AI Technical Summary

Benefits of technology

[0009] The present disclosure relates to improved enzyme-linked immunoassay (“ELISA”) kits, procedures and diagnostic methods for identifying one or more fungal antigens, including a Histoplasma capsulatum antigen. Preferred ELISA kits, procedures and methods provide a desirably reduced incidence of false positives and / or false negatives when detecting the antigen. In particular, preferred ELISA assays may have reduced the incidence false positives or negatives caused by the human anti-animal antibodies, including anti-rabbit antibody (HARA). The preferred immunoassays are preferably configured as sandwich (two-site) ELISA immunoassays performed by contacting a sample with a capture antibody bound to form an antigen binding surface on the well of a microtiter plate and contacting the bound antigen to a suitable detector antibody.
[0012] Preferably, the capture and detection antibodies for ELISA tests are obtained by immunizing a suitable host animal, such as a rabbit, with a mixed vaccine comprising antigens obtained from multiple recent patient isolates.

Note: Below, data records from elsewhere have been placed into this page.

(* Let $m\ge3$ and $\alpha\in[0,1]$. Every randomized social choice rule on $m$ candidates which, on every profile, places positive probability only on candidates $a$ whose integral domination graph $G(a)$ admits a perfect matching or which have $\mathrm{plu}(a)>0$, has distortion at least $2+\alpha-2/(m-2)$ on $\alpha$-decisive metric spaces.
   Context: An election: voters $V=\{1,\dots,n\}$, a fixed finite set $C$ of $m$ candidates, a profile $\sigma$ of linear orders over $C$; $a\succeq_i c$ means $a=c$ or $i$ ranks $a$ above $c$; $\mathrm{top}(i)$ is $i$'s first choice; $\mathrm{plu}(a)=|\{i:\mathrm{top}(i)=a\}|$. The integral domination graph $G(a)$ is the bipartite graph with both sides copies of $V$ and edge $(i,j)$ iff $a\succeq_i\mathrm{top}(j)$ (these are exactly the candidates that the rule \textsc{PluralityMatching} may return). A distance function $d$ on $V\cup C$ is nonnegative, symmetric and satisfies the triangle inequality (co-location allowed); consistent with $\sigma$ if $d(i,c)\le d(i,c')$ whenever $i$ ranks $c$ above $c'$; $\alpha$-decisive if $d(i,\mathrm{top}(i))\le\alpha\,d(i,c)$ for all $i$ and $c\ne\mathrm{top}(i)$. $\mathrm{SC}(c)=\sum_i d(i,c)$. The distortion of a randomized rule on $\alpha$-decisive spaces is $\sup_\sigma\sup_d\mathbb{E}[\mathrm{SC}(f(\sigma))]/\min_c\mathrm{SC}(c)$ over $\alpha$-decisive consistent $d$. *)

theory Defs
  imports "HOL-Probability.Probability"
begin

text \<open>A profile is a list of rankings; voter i (i < length P) has ranking P ! i,
  a list of all candidates (of the finite type 'c) without repetition,
  most preferred first.\<close>

definition is_ranking :: "'c::finite list \<Rightarrow> bool" where
  "is_ranking r \<longleftrightarrow> distinct r \<and> set r = UNIV"

definition valid_profile :: "'c::finite list list \<Rightarrow> bool" where
  "valid_profile P \<longleftrightarrow> length P \<ge> 1 \<and> (\<forall>r\<in>set P. is_ranking r)"

definition ranks_above :: "'c list list \<Rightarrow> nat \<Rightarrow> 'c \<Rightarrow> 'c \<Rightarrow> bool" where
  "ranks_above P i a c \<longleftrightarrow>
     (\<exists>k l. k < l \<and> l < length (P ! i) \<and> (P ! i) ! k = a \<and> (P ! i) ! l = c)"

definition weakly_prefers :: "'c list list \<Rightarrow> nat \<Rightarrow> 'c \<Rightarrow> 'c \<Rightarrow> bool" where
  "weakly_prefers P i a c \<longleftrightarrow> a = c \<or> ranks_above P i a c"

definition top :: "'c list list \<Rightarrow> nat \<Rightarrow> 'c" where
  "top P i = hd (P ! i)"

definition plu :: "'c list list \<Rightarrow> 'c \<Rightarrow> nat" where
  "plu P a = card {i. i < length P \<and> top P i = a}"

text \<open>Integral domination graph G(a): bipartite, both sides copies of the voters,
  edge (i,j) iff a \<succeq>_i top(j).\<close>
definition dom_edge :: "'c list list \<Rightarrow> 'c \<Rightarrow> nat \<Rightarrow> nat \<Rightarrow> bool" where
  "dom_edge P a i j \<longleftrightarrow> weakly_prefers P i a (top P j)"

definition has_perfect_matching :: "'c list list \<Rightarrow> 'c \<Rightarrow> bool" where
  "has_perfect_matching P a \<longleftrightarrow>
     (\<exists>\<pi>. bij_betw \<pi> {..<length P} {..<length P} \<and> (\<forall>i<length P. dom_edge P a i (\<pi> i)))"

text \<open>Points of the space: voters Inl i, candidates Inr c.\<close>
definition is_distance :: "nat \<Rightarrow> (nat + 'c \<Rightarrow> nat + 'c \<Rightarrow> real) \<Rightarrow> bool" where
  "is_distance n d \<longleftrightarrow>
     (let S = Inl ` {..<n} \<union> range Inr in
      (\<forall>x\<in>S. d x x = 0) \<and>
      (\<forall>x\<in>S. \<forall>y\<in>S. d x y \<ge> 0 \<and> d x y = d y x) \<and>
      (\<forall>x\<in>S. \<forall>y\<in>S. \<forall>z\<in>S. d x z \<le> d x y + d y z))"

definition consistent :: "'c list list \<Rightarrow> (nat + 'c \<Rightarrow> nat + 'c \<Rightarrow> real) \<Rightarrow> bool" where
  "consistent P d \<longleftrightarrow>
     (\<forall>i<length P. \<forall>c c'. ranks_above P i c c' \<longrightarrow> d (Inl i) (Inr c) \<le> d (Inl i) (Inr c'))"

definition decisive :: "real \<Rightarrow> 'c list list \<Rightarrow> (nat + 'c \<Rightarrow> nat + 'c \<Rightarrow> real) \<Rightarrow> bool" where
  "decisive \<alpha> P d \<longleftrightarrow>
     (\<forall>i<length P. \<forall>c. c \<noteq> top P i \<longrightarrow> d (Inl i) (Inr (top P i)) \<le> \<alpha> * d (Inl i) (Inr c))"

definition SC :: "'c list list \<Rightarrow> (nat + 'c \<Rightarrow> nat + 'c \<Rightarrow> real) \<Rightarrow> 'c \<Rightarrow> real" where
  "SC P d c = (\<Sum>i<length P. d (Inl i) (Inr c))"

text \<open>Distortion of a randomized rule on \<alpha>-decisive spaces (as an extended real;
  the ratio uses Isabelle's convention x / 0 = 0).\<close>
definition distortion :: "real \<Rightarrow> ('c::finite list list \<Rightarrow> 'c pmf) \<Rightarrow> ereal" where
  "distortion \<alpha> f =
     (SUP (P, d) \<in> {(P, d). valid_profile P \<and> is_distance (length P) d \<and> consistent P d \<and> decisive \<alpha> P d}.
        ereal (measure_pmf.expectation (f P) (SC P d) / Min (range (SC P d))))"

end

(* Fix candidates b and w and let c_1, ..., c_k (k = m - 2) be the others.  One voter ranks
   w first and b last; for each j, N voters rank c_j first and b second.  Since b is nobody's
   favourite and is ranked last by someone, the rule never selects b.  Place b at the centre of a
   star whose j-th spoke carries the voters of c_j at distance 1 and c_j itself at distance 1 + \<alpha>,
   and put w together with its single voter at distance 3 from everything else.  The voters are then
   \<alpha>-decisive, SC(b) = 3 + N k, and every other candidate costs at least
   (2 + \<alpha> - 2/k) SC(b) - 9; letting N grow gives the bound. *)

theory Submission
  imports Defs
begin

lemma sum_nth_eq_sum_list: "(\<Sum>i<length xs. f (xs ! i)) = sum_list (map f xs)"
  by (simp add: sum_list_sum_nth atLeast0LessThan)

lemma sum_list_concat_replicate:
  "sum_list (concat (replicate n xs)) = of_nat n * (sum_list xs :: 'a::semiring_1)"
  by (induction n) (simp_all add: algebra_simps)

lemma plu_eq_0_iff: "plu P a = 0 \<longleftrightarrow> (\<forall>r\<in>set P. hd r \<noteq> a)"
  by (force simp: plu_def top_def in_set_conv_nth)

lemma not_ranks_above_last:
  assumes "distinct (P ! i)"
  shows "\<not> ranks_above P i (last (P ! i)) c"
proof
  assume "ranks_above P i (last (P ! i)) c"
  then obtain k l where kl: "k < l" "l < length (P ! i)" "P ! i ! k = last (P ! i)"
    unfolding ranks_above_def by blast
  moreover have "P ! i \<noteq> []" using kl by auto
  ultimately have "P ! i ! k = P ! i ! (length (P ! i) - 1)"
    by (simp add: last_conv_nth)
  with kl have "k = length (P ! i) - 1"
    using nth_eq_iff_index_eq[OF assms, of k "length (P ! i) - 1"] by simp
  with kl show False by simp
qed

lemma not_has_perfect_matching_if_ranked_last:
  assumes "i < length P" "distinct (P ! i)" "last (P ! i) = a" "plu P a = 0"
  shows "\<not> has_perfect_matching P a"
proof
  assume "has_perfect_matching P a"
  then obtain \<pi> where \<pi>: "bij_betw \<pi> {..<length P} {..<length P}"
    and edges: "\<forall>j<length P. dom_edge P a j (\<pi> j)"
    unfolding has_perfect_matching_def by blast
  have "\<pi> i < length P" using \<pi> assms(1) bij_betwE by blast
  then have "top P (\<pi> i) \<noteq> a"
    using assms(4) by (simp add: plu_eq_0_iff top_def)
  moreover have "weakly_prefers P i a (top P (\<pi> i))"
    using edges assms(1) by (simp add: dom_edge_def)
  ultimately show False
    using not_ranks_above_last[OF assms(2)] assms(3) by (auto simp: weakly_prefers_def)
qed

lemma consistent_if_sorted:
  assumes "\<And>i. i < length P \<Longrightarrow> sorted (map (\<lambda>c. d (Inl i) (Inr c)) (P ! i))"
  shows "consistent P d"
  unfolding consistent_def ranks_above_def
  using sorted_nth_mono[OF assms] by fastforce

lemma is_distance_pullback:
  assumes "\<And>x. D x x = 0" "\<And>x y. 0 \<le> D x y" "\<And>x y. D x y = D y x"
    and "\<And>x y z. D x z \<le> D x y + D y z"
  shows "is_distance n (\<lambda>x y. D (loc x) (loc y))"
  unfolding is_distance_def Let_def using assms by blast

lemma distortion_ge_if_approx:
  assumes "\<And>N. 1 \<le> N \<Longrightarrow> \<exists>P d. valid_profile P \<and> is_distance (length P) d \<and> consistent P d \<and>
      decisive \<alpha> P d \<and> B - c / real N \<le> measure_pmf.expectation (f P) (SC P d) / Min (range (SC P d))"
  shows "ereal B \<le> distortion \<alpha> f"
proof (rule ereal_le_epsilon2)
  fix e :: real assume "0 < e"
  obtain n :: nat where "c / e < real n"
    using reals_Archimedean2 by blast
  with \<open>0 < e\<close> have "c / real (Suc n) < e"
    by (simp add: field_simps)
  moreover obtain P d where admissible:
      "valid_profile P \<and> is_distance (length P) d \<and> consistent P d \<and> decisive \<alpha> P d"
    and ratio: "B - c / real (Suc n) \<le> measure_pmf.expectation (f P) (SC P d) / Min (range (SC P d))"
    using assms[of "Suc n"] by auto
  ultimately have "ereal B \<le> ereal (measure_pmf.expectation (f P) (SC P d) / Min (range (SC P d))) + ereal e"
    by simp
  also have "\<dots> \<le> distortion \<alpha> f + ereal e"
    unfolding distortion_def using admissible by (intro add_right_mono SUP_upper2[of "(P, d)"]) auto
  finally show "ereal B \<le> distortion \<alpha> f + ereal e" .
qed

datatype 'c site = Far | Hub | Voter 'c | Cand 'c

fun site_dist :: "real \<Rightarrow> 'c site \<Rightarrow> 'c site \<Rightarrow> real" where
  "site_dist \<alpha> Far Far = 0"
| "site_dist \<alpha> Far _ = 3"
| "site_dist \<alpha> _ Far = 3"
| "site_dist \<alpha> Hub Hub = 0"
| "site_dist \<alpha> Hub (Voter c) = 1"
| "site_dist \<alpha> (Voter c) Hub = 1"
| "site_dist \<alpha> Hub (Cand c) = 1 + \<alpha>"
| "site_dist \<alpha> (Cand c) Hub = 1 + \<alpha>"
| "site_dist \<alpha> (Voter c) (Voter c') = (if c = c' then 0 else 2)"
| "site_dist \<alpha> (Cand c) (Cand c') = (if c = c' then 0 else 2 + 2 * \<alpha>)"
| "site_dist \<alpha> (Voter c) (Cand c') = (if c = c' then \<alpha> else 2 + \<alpha>)"
| "site_dist \<alpha> (Cand c) (Voter c') = (if c = c' then \<alpha> else 2 + \<alpha>)"

lemma site_dist_self: "site_dist \<alpha> x x = 0"
  by (cases x) auto

lemma site_dist_commute: "site_dist \<alpha> x y = site_dist \<alpha> y x"
  by (cases x; cases y) auto

lemma site_dist_nonneg: "0 \<le> \<alpha> \<Longrightarrow> 0 \<le> site_dist \<alpha> x y"
  by (cases x; cases y) auto

lemma site_dist_triangle:
  "0 \<le> \<alpha> \<Longrightarrow> \<alpha> \<le> 1 \<Longrightarrow> site_dist \<alpha> x z \<le> site_dist \<alpha> x y + site_dist \<alpha> y z"
  by (cases x; cases y; cases z) auto

definition spoke_ranking :: "'c \<Rightarrow> 'c \<Rightarrow> 'c list \<Rightarrow> 'c \<Rightarrow> 'c list" where
  "spoke_ranking b w cs c = c # b # filter (\<lambda>x. x \<noteq> c) cs @ [w]"

definition star_profile :: "'c \<Rightarrow> 'c \<Rightarrow> 'c list \<Rightarrow> nat \<Rightarrow> 'c list list" where
  "star_profile b w cs N =
     (w # cs @ [b]) # concat (replicate N (map (spoke_ranking b w cs) cs))"

definition voter_site :: "'c \<Rightarrow> 'c list \<Rightarrow> 'c site" where
  "voter_site w r = (if hd r = w then Far else Voter (hd r))"

definition cand_site :: "'c \<Rightarrow> 'c \<Rightarrow> 'c \<Rightarrow> 'c site" where
  "cand_site b w c = (if c = b then Hub else if c = w then Far else Cand c)"

definition star_dist :: "real \<Rightarrow> 'c \<Rightarrow> 'c \<Rightarrow> 'c list list \<Rightarrow> nat + 'c \<Rightarrow> nat + 'c \<Rightarrow> real" where
  "star_dist \<alpha> b w P x y =
     (let site = case_sum (\<lambda>i. voter_site w (P ! i)) (cand_site b w)
      in site_dist \<alpha> (site x) (site y))"

locale star_instance =
  fixes b w :: "'c::finite" and cs :: "'c list" and \<alpha> :: real and N :: nat
  assumes b_ne_w: "b \<noteq> w" and distinct_cs: "distinct cs" and set_cs: "set cs = UNIV - {b, w}"
    and cs_ne_Nil: "cs \<noteq> []" and \<alpha>_nonneg: "0 \<le> \<alpha>" and \<alpha>_le_1: "\<alpha> \<le> 1" and N_ge_1: "1 \<le> N"
begin

abbreviation "P \<equiv> star_profile b w cs N"
abbreviation "d \<equiv> star_dist \<alpha> b w P"
abbreviation "k \<equiv> real (length cs)"

lemma set_profile: "set P = insert (w # cs @ [b]) (spoke_ranking b w cs ` set cs)"
  using N_ge_1 by (auto simp: star_profile_def)

lemma voter_dist: "d (Inl i) (Inr c) = site_dist \<alpha> (voter_site w (P ! i)) (cand_site b w c)"
  by (simp add: star_dist_def)

lemma star_profile_rankingE:
  assumes "r \<in> set P"
  obtains "r = w # cs @ [b]" | c where "c \<in> set cs" "r = spoke_ranking b w cs c"
  using assms set_profile by auto

lemma valid_profile: "valid_profile P"
  using b_ne_w distinct_cs set_cs
  by (auto simp: valid_profile_def star_profile_def is_ranking_def spoke_ranking_def)

lemma is_distance: "is_distance (length P) d"
  unfolding star_dist_def Let_def
  by (rule is_distance_pullback)
    (simp_all add: site_dist_self site_dist_nonneg[OF \<alpha>_nonneg] site_dist_commute
      site_dist_triangle[OF \<alpha>_nonneg \<alpha>_le_1])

Preferably, capture and detection antibodies are obtained from a rabbit host animal after injection with a vaccine comprising two or more strains of Histplasma antigens, more preferably 2, 3, 4, or 5 strains of Histoplasma antigens. In a second preferred embodiment, non-specific binding to detector plates is blocked by contacting the detector plate with a blocking agent characterized by a reduced incidence of variation in the inhibition of non-specific blocking. In one aspect, the blocking composition is free of bovine serum albumin (BSA). More preferably, the blocking composition is a solution comprising plant-derived proteins. In another embodiment, detection antibodies are preferably combined with an excess of Normal Rabbit Serum (NRS) prior to contact with a capture antibody on an antigen binding surface. The NRS is preferably obtained from a rabbit serum sample selected by a screening method based on the detection of bound detector antibody in the presence of goat anti-rabbit antibody (GARA) with a positive control. Accordingly, an immunoassay preferably comprises the step of preparing a detector antibody composition comprising an animal serum screened for ability to reduce interference with detector antibody binding from a GARA control. In particular, the detector antibody is preferably combined with a serum that reduces the binding of GARA to a capture antibody. Methods of detecting multiple antigens in a single immunoassay are also provided. Notably, the improved immunoassay tests provided herein recognize and detect a cross-reactive galactomannan antigen common to different endemic mycoses. Accordingly, the improved immunoassay may be used to diagnose infections caused all of the endemic mycoses (Histoplasma, Blastomyces, Coccidioides, Paracoccidioides, Penicillium marneffei).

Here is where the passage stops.